## Task prompt
Among the entries, how many lines hold the word "moreover"? Respond with that number only.

--- Supplied data Enclosed Below ---

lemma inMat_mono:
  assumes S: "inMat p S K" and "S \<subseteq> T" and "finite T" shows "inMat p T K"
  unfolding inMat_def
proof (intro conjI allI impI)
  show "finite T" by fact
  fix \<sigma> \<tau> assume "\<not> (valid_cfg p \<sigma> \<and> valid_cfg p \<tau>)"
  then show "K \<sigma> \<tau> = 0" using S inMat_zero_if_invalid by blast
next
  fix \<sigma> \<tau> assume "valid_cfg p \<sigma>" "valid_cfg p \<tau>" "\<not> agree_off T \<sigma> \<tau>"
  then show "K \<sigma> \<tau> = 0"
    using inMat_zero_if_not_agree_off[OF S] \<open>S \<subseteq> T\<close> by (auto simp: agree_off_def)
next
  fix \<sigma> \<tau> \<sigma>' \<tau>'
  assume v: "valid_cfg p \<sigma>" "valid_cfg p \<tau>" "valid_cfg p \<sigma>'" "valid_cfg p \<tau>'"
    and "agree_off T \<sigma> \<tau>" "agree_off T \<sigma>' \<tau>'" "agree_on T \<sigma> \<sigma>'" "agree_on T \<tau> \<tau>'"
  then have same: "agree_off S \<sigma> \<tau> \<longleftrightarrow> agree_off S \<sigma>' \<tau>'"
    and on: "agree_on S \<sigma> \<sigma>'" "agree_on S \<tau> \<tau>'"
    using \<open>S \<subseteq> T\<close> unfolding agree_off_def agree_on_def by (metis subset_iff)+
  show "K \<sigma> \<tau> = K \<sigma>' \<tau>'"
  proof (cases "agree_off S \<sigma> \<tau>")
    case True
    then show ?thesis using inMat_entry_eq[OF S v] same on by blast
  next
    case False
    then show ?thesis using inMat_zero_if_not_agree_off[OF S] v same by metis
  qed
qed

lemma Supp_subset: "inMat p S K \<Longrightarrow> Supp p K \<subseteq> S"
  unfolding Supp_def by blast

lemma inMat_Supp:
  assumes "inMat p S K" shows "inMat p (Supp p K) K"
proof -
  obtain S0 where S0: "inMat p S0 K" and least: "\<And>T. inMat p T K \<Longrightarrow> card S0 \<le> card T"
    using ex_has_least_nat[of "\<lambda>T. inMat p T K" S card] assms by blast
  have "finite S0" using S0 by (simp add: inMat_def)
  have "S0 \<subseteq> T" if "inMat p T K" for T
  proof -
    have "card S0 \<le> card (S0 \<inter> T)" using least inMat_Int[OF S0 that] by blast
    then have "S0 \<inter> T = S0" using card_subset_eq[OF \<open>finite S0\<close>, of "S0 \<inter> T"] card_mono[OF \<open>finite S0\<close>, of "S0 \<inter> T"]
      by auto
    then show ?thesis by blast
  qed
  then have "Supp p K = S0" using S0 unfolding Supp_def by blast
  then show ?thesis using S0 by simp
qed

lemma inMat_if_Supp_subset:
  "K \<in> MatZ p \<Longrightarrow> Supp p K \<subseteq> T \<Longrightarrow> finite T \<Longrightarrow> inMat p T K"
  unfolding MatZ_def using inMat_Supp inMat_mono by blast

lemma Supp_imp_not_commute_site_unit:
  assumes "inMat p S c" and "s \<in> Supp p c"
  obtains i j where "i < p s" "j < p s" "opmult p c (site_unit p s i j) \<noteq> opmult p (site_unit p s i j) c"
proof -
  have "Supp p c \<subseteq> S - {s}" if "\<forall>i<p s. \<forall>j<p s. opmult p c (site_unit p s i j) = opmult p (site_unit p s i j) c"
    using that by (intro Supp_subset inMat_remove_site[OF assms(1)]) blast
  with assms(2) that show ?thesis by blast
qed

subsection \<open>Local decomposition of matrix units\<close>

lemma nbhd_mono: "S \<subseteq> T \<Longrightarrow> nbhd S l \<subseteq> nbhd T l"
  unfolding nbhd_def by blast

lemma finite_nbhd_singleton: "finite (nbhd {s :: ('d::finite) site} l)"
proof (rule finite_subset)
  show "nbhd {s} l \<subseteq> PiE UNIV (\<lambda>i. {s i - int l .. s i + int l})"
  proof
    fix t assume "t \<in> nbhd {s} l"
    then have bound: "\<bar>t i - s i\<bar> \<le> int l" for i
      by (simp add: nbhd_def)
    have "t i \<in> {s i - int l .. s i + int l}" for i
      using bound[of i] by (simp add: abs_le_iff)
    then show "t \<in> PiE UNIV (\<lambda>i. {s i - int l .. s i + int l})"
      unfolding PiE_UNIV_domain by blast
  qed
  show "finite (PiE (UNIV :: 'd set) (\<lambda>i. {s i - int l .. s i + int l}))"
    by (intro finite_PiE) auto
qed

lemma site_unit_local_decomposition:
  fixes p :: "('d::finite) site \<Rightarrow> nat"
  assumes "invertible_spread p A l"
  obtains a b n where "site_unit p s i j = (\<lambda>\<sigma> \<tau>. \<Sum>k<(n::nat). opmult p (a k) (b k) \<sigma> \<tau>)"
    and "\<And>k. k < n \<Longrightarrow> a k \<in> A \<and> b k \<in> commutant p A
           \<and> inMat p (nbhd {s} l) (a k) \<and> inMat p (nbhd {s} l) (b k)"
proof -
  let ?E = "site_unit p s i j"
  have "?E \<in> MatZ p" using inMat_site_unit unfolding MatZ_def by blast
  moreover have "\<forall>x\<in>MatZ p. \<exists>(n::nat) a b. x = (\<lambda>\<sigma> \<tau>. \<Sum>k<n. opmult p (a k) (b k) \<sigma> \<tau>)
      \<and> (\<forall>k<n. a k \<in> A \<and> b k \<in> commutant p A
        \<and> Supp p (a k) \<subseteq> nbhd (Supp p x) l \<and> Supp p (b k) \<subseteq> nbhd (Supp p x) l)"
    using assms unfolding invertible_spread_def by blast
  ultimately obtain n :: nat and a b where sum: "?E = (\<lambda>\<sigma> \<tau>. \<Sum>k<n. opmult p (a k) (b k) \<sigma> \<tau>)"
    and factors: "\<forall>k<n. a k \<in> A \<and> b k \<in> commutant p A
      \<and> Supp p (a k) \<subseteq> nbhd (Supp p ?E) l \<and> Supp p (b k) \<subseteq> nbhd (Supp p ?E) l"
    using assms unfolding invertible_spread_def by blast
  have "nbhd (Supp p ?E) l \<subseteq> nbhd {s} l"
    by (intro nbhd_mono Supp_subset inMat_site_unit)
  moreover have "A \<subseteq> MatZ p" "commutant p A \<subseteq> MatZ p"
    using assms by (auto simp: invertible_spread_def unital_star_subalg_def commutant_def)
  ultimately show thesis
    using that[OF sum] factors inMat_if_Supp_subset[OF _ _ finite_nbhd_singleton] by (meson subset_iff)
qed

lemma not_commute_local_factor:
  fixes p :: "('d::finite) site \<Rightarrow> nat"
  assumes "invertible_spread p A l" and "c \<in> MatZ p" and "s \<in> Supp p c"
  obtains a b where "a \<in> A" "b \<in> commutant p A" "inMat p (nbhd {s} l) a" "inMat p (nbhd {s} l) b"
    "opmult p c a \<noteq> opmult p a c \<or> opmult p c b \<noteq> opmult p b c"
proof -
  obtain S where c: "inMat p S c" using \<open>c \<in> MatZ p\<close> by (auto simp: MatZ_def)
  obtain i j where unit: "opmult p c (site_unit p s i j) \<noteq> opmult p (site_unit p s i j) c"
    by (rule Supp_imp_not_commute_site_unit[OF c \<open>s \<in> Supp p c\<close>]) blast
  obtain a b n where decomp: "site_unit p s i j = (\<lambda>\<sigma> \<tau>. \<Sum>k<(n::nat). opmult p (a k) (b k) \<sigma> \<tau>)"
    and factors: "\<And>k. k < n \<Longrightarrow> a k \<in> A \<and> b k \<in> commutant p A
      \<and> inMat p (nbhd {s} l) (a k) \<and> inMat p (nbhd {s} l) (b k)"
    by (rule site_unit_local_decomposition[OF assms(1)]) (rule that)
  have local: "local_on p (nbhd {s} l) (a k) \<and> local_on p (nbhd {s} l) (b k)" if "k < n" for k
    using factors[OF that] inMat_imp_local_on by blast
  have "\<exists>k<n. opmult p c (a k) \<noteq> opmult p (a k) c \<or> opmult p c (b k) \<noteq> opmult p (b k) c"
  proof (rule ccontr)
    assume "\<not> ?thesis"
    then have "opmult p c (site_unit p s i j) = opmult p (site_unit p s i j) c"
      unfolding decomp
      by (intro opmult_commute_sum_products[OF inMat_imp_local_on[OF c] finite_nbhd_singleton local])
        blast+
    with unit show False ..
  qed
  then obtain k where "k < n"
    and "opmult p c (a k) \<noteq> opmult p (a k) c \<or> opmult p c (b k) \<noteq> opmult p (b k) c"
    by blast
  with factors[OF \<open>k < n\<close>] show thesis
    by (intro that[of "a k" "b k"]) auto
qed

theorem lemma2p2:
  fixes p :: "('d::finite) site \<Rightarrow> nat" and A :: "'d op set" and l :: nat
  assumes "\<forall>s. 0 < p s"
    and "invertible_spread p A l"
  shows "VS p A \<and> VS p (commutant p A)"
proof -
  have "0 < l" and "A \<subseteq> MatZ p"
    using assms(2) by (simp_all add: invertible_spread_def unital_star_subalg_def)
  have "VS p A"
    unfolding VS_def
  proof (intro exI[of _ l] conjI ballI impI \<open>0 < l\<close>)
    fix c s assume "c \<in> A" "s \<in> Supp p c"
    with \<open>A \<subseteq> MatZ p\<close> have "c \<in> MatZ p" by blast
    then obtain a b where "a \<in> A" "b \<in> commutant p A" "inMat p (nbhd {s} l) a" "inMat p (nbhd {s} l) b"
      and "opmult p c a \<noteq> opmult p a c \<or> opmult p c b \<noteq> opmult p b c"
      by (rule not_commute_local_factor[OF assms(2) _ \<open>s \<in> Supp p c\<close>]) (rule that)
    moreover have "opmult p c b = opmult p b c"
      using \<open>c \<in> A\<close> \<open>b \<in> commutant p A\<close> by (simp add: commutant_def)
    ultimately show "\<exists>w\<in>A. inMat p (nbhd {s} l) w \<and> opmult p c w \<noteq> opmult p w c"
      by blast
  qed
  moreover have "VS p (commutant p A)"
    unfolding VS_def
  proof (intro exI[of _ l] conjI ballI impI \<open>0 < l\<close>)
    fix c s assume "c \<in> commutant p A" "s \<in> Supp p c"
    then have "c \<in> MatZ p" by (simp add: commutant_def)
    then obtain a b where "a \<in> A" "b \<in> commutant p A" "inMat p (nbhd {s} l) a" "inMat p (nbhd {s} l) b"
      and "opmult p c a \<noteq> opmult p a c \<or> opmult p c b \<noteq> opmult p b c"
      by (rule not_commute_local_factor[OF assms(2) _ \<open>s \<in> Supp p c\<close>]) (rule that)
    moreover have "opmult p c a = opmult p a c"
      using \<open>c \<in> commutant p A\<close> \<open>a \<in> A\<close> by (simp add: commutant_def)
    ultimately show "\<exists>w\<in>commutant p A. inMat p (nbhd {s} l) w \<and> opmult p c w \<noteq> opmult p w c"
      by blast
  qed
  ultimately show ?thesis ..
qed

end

--- End of Enclosed Supplied data ---

## Result for this exercise
5